[DIRECTIONS] Copy all the lines of the data that include the word "thesis".

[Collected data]
*** Begin section ***
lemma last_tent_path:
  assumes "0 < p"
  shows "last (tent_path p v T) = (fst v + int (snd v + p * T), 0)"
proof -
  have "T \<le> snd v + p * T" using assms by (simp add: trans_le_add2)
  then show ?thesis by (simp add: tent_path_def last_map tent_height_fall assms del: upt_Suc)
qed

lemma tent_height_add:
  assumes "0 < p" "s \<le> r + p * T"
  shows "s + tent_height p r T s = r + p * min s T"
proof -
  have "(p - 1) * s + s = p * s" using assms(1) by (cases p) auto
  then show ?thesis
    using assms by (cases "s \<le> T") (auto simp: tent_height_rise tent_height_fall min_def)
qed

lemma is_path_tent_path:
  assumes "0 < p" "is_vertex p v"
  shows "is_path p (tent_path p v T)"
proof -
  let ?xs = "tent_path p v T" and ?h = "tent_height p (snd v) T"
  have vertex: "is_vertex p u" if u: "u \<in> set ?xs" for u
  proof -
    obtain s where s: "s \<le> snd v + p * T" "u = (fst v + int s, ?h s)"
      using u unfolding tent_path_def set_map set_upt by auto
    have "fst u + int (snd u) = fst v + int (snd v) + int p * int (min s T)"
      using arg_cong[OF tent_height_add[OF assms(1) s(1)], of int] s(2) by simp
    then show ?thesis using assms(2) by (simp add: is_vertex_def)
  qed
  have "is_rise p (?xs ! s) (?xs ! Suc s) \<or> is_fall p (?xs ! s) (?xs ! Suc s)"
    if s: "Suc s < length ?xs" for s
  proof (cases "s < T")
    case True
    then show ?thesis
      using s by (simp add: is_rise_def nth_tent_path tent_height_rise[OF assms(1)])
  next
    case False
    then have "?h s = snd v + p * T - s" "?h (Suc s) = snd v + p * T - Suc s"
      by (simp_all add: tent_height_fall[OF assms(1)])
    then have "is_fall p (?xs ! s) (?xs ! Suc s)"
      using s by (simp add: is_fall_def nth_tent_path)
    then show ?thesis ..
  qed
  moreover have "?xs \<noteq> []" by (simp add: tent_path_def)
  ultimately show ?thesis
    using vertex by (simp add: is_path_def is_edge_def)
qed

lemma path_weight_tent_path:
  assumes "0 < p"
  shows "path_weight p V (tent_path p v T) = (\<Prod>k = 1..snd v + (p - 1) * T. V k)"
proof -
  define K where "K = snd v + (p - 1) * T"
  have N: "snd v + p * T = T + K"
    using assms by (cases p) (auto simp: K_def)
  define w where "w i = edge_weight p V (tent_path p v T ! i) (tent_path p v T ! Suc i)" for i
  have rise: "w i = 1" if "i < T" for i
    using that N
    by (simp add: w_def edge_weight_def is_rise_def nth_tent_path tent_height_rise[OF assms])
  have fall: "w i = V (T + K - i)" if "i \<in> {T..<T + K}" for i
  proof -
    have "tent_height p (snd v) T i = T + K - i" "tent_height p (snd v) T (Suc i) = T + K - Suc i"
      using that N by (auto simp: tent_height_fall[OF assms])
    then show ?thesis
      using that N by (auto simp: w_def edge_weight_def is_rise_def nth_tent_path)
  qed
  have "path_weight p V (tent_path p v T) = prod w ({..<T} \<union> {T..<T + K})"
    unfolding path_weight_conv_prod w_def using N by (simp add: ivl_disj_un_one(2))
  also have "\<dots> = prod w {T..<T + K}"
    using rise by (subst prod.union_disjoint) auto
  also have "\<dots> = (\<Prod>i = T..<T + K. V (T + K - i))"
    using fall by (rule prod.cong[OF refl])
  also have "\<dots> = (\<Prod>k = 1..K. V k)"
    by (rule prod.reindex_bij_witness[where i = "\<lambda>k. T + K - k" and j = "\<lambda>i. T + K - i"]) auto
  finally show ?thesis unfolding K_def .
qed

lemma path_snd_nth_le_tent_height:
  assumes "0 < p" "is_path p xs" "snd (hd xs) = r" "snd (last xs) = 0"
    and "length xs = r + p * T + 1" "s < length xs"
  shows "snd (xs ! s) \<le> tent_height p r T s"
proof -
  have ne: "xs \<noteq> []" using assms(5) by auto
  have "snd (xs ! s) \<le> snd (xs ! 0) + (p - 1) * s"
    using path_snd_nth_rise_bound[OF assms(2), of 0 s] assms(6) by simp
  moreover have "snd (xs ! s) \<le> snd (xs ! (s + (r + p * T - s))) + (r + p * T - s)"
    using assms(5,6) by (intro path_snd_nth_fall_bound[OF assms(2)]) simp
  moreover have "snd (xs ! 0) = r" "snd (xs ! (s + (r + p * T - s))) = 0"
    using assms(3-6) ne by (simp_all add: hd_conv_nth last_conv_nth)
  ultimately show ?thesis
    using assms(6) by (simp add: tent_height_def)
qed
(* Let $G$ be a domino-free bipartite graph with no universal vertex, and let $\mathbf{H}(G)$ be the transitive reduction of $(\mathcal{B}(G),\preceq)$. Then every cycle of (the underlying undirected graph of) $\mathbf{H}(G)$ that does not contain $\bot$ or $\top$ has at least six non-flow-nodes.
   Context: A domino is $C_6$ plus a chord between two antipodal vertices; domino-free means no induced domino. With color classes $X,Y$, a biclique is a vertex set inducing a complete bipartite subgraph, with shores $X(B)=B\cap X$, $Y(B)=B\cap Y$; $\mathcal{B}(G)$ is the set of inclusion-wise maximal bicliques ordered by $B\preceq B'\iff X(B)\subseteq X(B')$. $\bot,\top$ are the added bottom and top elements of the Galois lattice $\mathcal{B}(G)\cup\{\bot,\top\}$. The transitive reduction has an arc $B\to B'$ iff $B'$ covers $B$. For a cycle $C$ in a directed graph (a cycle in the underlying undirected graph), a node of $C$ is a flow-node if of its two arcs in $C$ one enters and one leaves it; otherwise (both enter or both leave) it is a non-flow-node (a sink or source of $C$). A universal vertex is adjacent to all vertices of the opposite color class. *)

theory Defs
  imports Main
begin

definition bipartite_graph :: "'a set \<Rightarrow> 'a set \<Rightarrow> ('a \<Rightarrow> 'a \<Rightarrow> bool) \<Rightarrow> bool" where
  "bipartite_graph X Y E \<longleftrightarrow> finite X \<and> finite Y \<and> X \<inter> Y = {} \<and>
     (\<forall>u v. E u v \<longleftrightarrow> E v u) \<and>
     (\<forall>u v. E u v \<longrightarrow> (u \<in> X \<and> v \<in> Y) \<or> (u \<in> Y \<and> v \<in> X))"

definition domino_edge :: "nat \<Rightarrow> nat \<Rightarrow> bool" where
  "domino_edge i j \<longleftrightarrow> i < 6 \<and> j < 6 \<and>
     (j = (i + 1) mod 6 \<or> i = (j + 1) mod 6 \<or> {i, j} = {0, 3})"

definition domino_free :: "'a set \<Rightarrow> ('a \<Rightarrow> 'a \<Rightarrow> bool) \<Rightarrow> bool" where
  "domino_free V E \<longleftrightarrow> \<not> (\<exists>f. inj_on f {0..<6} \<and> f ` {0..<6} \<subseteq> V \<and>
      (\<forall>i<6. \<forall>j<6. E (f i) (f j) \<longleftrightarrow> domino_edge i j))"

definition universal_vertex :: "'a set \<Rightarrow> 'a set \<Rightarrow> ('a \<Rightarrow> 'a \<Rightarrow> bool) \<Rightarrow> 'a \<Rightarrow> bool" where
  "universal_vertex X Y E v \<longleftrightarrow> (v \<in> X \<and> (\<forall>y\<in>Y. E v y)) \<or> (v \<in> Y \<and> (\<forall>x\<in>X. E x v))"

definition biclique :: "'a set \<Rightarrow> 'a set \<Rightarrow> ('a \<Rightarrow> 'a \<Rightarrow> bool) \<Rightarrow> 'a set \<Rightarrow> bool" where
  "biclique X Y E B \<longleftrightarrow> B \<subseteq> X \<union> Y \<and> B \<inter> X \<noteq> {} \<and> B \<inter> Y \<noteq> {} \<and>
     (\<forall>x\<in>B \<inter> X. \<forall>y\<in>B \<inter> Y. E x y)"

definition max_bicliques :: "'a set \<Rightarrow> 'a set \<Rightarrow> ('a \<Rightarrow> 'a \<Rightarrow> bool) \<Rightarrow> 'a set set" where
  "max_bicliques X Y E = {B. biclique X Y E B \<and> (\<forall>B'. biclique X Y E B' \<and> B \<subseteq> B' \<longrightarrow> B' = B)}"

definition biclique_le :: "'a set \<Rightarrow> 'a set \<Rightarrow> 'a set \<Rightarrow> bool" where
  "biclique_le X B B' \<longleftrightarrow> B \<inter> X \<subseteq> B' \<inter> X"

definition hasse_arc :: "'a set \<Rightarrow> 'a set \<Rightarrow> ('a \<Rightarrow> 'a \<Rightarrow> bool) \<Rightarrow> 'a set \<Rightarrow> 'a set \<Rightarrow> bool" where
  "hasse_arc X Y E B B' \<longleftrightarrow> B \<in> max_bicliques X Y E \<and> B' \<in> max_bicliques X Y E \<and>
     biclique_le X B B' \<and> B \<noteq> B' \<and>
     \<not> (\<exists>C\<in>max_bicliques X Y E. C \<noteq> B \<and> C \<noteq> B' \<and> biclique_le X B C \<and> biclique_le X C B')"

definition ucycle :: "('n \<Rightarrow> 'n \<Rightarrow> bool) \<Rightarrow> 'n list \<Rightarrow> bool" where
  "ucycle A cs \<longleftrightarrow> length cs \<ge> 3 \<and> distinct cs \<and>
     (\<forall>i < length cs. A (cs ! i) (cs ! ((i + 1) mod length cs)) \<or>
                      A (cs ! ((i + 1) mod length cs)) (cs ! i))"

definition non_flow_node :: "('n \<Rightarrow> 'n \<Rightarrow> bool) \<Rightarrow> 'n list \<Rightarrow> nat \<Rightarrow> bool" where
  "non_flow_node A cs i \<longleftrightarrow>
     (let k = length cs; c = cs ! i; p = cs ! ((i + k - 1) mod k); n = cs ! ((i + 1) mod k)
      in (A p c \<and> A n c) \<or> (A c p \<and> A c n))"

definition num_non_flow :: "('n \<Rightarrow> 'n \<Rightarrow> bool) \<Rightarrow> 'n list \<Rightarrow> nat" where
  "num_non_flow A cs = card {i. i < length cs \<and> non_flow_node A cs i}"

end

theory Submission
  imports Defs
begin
*** End section ***
[TASK ANSWER]
  then show ?thesis by (simp add: tent_path_def last_map tent_height_fall assms del: upt_Suc)
  then show ?thesis
    then show ?thesis using assms(2) by (simp add: is_vertex_def)
    then show ?thesis
    then show ?thesis ..
  ultimately show ?thesis
    then show ?thesis
  finally show ?thesis unfolding K_def .
  ultimately show ?thesis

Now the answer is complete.